As he spoke he took up Philip Oglander's rapier, and in mere idleness he drew the long narrow blade from its leathern scabbard, held the weapon out in front of him and glanced along it with critical eye, examined its curious basket hilt of twisted metal, then pressed his thumb against the sharp point, took the point end in one hand and the hilt in the other, and bent the blade to test its flexible spring, and finally held the weapon out once more at arm's-length.



"The battle was betwixt the Turks and the Christians," he went on. But here he was abruptly interrupted.
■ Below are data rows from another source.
(* Let $k>2d_{\text{sp}}$. Consider $k$ environments where, in environment $e_i$, $y=1$ with probability $\eta$ and $y=-1$ otherwise; conditionally on $Y=y$, ${\mathbf x}_{\text{ns}}\sim\mathcal{N}(y\mu_{\text{ns}},\Sigma_{\text{ns}})$ and ${\mathbf x}_{\text{sp}}\sim\mathcal{N}(y\mu_i,\Sigma_i)$, drawn independently, with $\mu_{\text{ns}}\in\mathbb{R}^{d_{\text{ns}}}$, $\Sigma_{\text{ns}}\in\mathbb{S}^{d_{\text{ns}}}_{++}$, $\mu_i\in\mathbb{R}^{d_{\text{sp}}}$, $\Sigma_i\in\mathbb{S}^{d_{\text{sp}}}_{++}$. Let $\sigma:\mathbb{R}\to(0,1)$ be invertible and consider classifiers $f({\mathbf x};{\mathbf w},b)=\sigma({\mathbf w}^\top{\mathbf x}-b)$ with ${\mathbf w}=[{\mathbf w}_{\text{ns}},{\mathbf w}_{\text{sp}}]$. If the environments $\{\Sigma_i,\mu_i\}_{i=1}^k$ lie in general position, then every such classifier that is calibrated on all $k$ environments satisfies ${\mathbf w}_{\text{sp}}=\mathbf{0}$.
   Context: $\mathbb{S}^d_{++}$ denotes the $d\times d$ symmetric positive definite matrices. A classifier $f$ is calibrated on environments $e_1,\dots,e_k$ if for each $i$ and every $\alpha$ in the range of $f$ restricted to $e_i$, $P[Y=1\mid f(X)=\alpha,E=e_i]=\alpha$. Given $k>2d_{\text{sp}}$ environments with parameters $\{\Sigma_i,\mu_i\}_{i=1}^k$, they are in general position if for every nonzero ${\mathbf x}\in\mathbb{R}^{d_{\text{sp}}}$, the vectors $\begin{bmatrix}\Sigma_i{\mathbf x}+\mu_i\\ 1\end{bmatrix}\in\mathbb{R}^{d_{\text{sp}}+1}$, $i\in[k]$, span a subspace of dimension $d_{\text{sp}}+1$. *)

theory Defs
  imports "HOL-Probability.Probability"
begin

definition spd :: "real^'d^'d \<Rightarrow> bool" where
  "spd S \<longleftrightarrow> transpose S = S \<and> (\<forall>x. x \<noteq> 0 \<longrightarrow> x \<bullet> (S *v x) > 0)"

definition gauss_pdf :: "real^'d \<Rightarrow> real^'d^'d \<Rightarrow> real^'d \<Rightarrow> real" where
  "gauss_pdf mu S x =
     exp (- (1/2) * ((x - mu) \<bullet> (matrix_inv S *v (x - mu))))
     / sqrt ((2 * pi) ^ CARD('d) * det S)"

definition lab :: "bool \<Rightarrow> real" where
  "lab y = (if y then 1 else -1)"

definition env_measure ::
  "real \<Rightarrow> real^'ns \<Rightarrow> real^'ns^'ns \<Rightarrow> real^'sp \<Rightarrow> real^'sp^'sp
     \<Rightarrow> (bool \<times> ((real^'ns) \<times> (real^'sp))) measure" where
  "env_measure eta mu_ns S_ns mu S =
     density (count_space UNIV \<Otimes>\<^sub>M (lborel \<Otimes>\<^sub>M lborel))
       (\<lambda>(y, (xn, xs)). ennreal ((if y then eta else 1 - eta)
            * gauss_pdf (lab y *\<^sub>R mu_ns) S_ns xn * gauss_pdf (lab y *\<^sub>R mu) S xs))"

text \<open>Calibration of a score f : X -> (0,1) w.r.t. a joint law M of (Y, X):
  P[Y = 1 | f(X)] = f(X) almost surely, i.e. for every Borel set A,
  P[Y = 1, f(X) \<in> A] = E[f(X) 1{f(X) \<in> A}].\<close>
definition calibrated_on :: "('x \<Rightarrow> real) \<Rightarrow> (bool \<times> 'x) measure \<Rightarrow> bool" where
  "calibrated_on f M \<longleftrightarrow>
     (\<forall>A \<in> sets borel.
        measure M {z \<in> space M. fst z \<and> f (snd z) \<in> A}
        = (\<integral>z. indicator {z \<in> space M. f (snd z) \<in> A} z * f (snd z) \<partial>M))"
Philip Oglander had risen from the table and crossed the floor towards him.

"Your pardon, my master, but that rapier is mine!" cried the lad in strange excitement, speaking with his mouth full of food.

Sir Richard Grenville glanced up at him in surprise, still retaining the weapon.

"A goodly blade too, o' my conscience," he muttered with a grim smile.

"Fashioned in Toledo, I warrant me. 'Tis not often we see its like in England, save in the hands of our country's foes. But I would warn you, young sir, that 'tis a good three inches too long to suit Queen Elizabeth's regulations. I should counsel you to have it clipped ere you venture to carry it again through English streets."

He handed the rapier to its owner, holding it by the end of the blade.

Philip Oglander received it, sullenly returned it to its scabbard, and strode back to the table, there to continue his supper.

Grenville was about to proceed with his narrative of Lepanto fight when Drusilla laid her fingers upon his arm.

"See!" she cried. "Thou hast wounded thy hand, 'tis bleeding!"

"Nay, but I felt no cut," said he. "And yet," he added, looking at his opened palms, "there is surely blood there. However, Mistress Drusilla, to go on with our story. I was saying that 'twas a fight betwixt the Christians and the Infidels--the Cross against the Crescent--"

"Wait," interrupted the girl. "I heard but this moment the sound of a horse's feet in the courtyard. It must surely be Gilbert returned. I pray you tarry here till I come back." And so saying she tripped lightly to the end of the hall and flung open the door by which her uncle and cousin had lately entered.

There was a murmur of voices from without. The further door at the end of the outer hall stood open, and by the aid of the large hanging lamp in the great arched porchway she could see the form of a horse, with Timothy Trollope and Bob Harvey by its side. They were helping Gilbert down from the horse's back. Drusilla saw his face, and it was very pale; she saw that when they lifted him down to the ground he could scarcely stand, but was obliged to lean for support on Trollope's shoulder.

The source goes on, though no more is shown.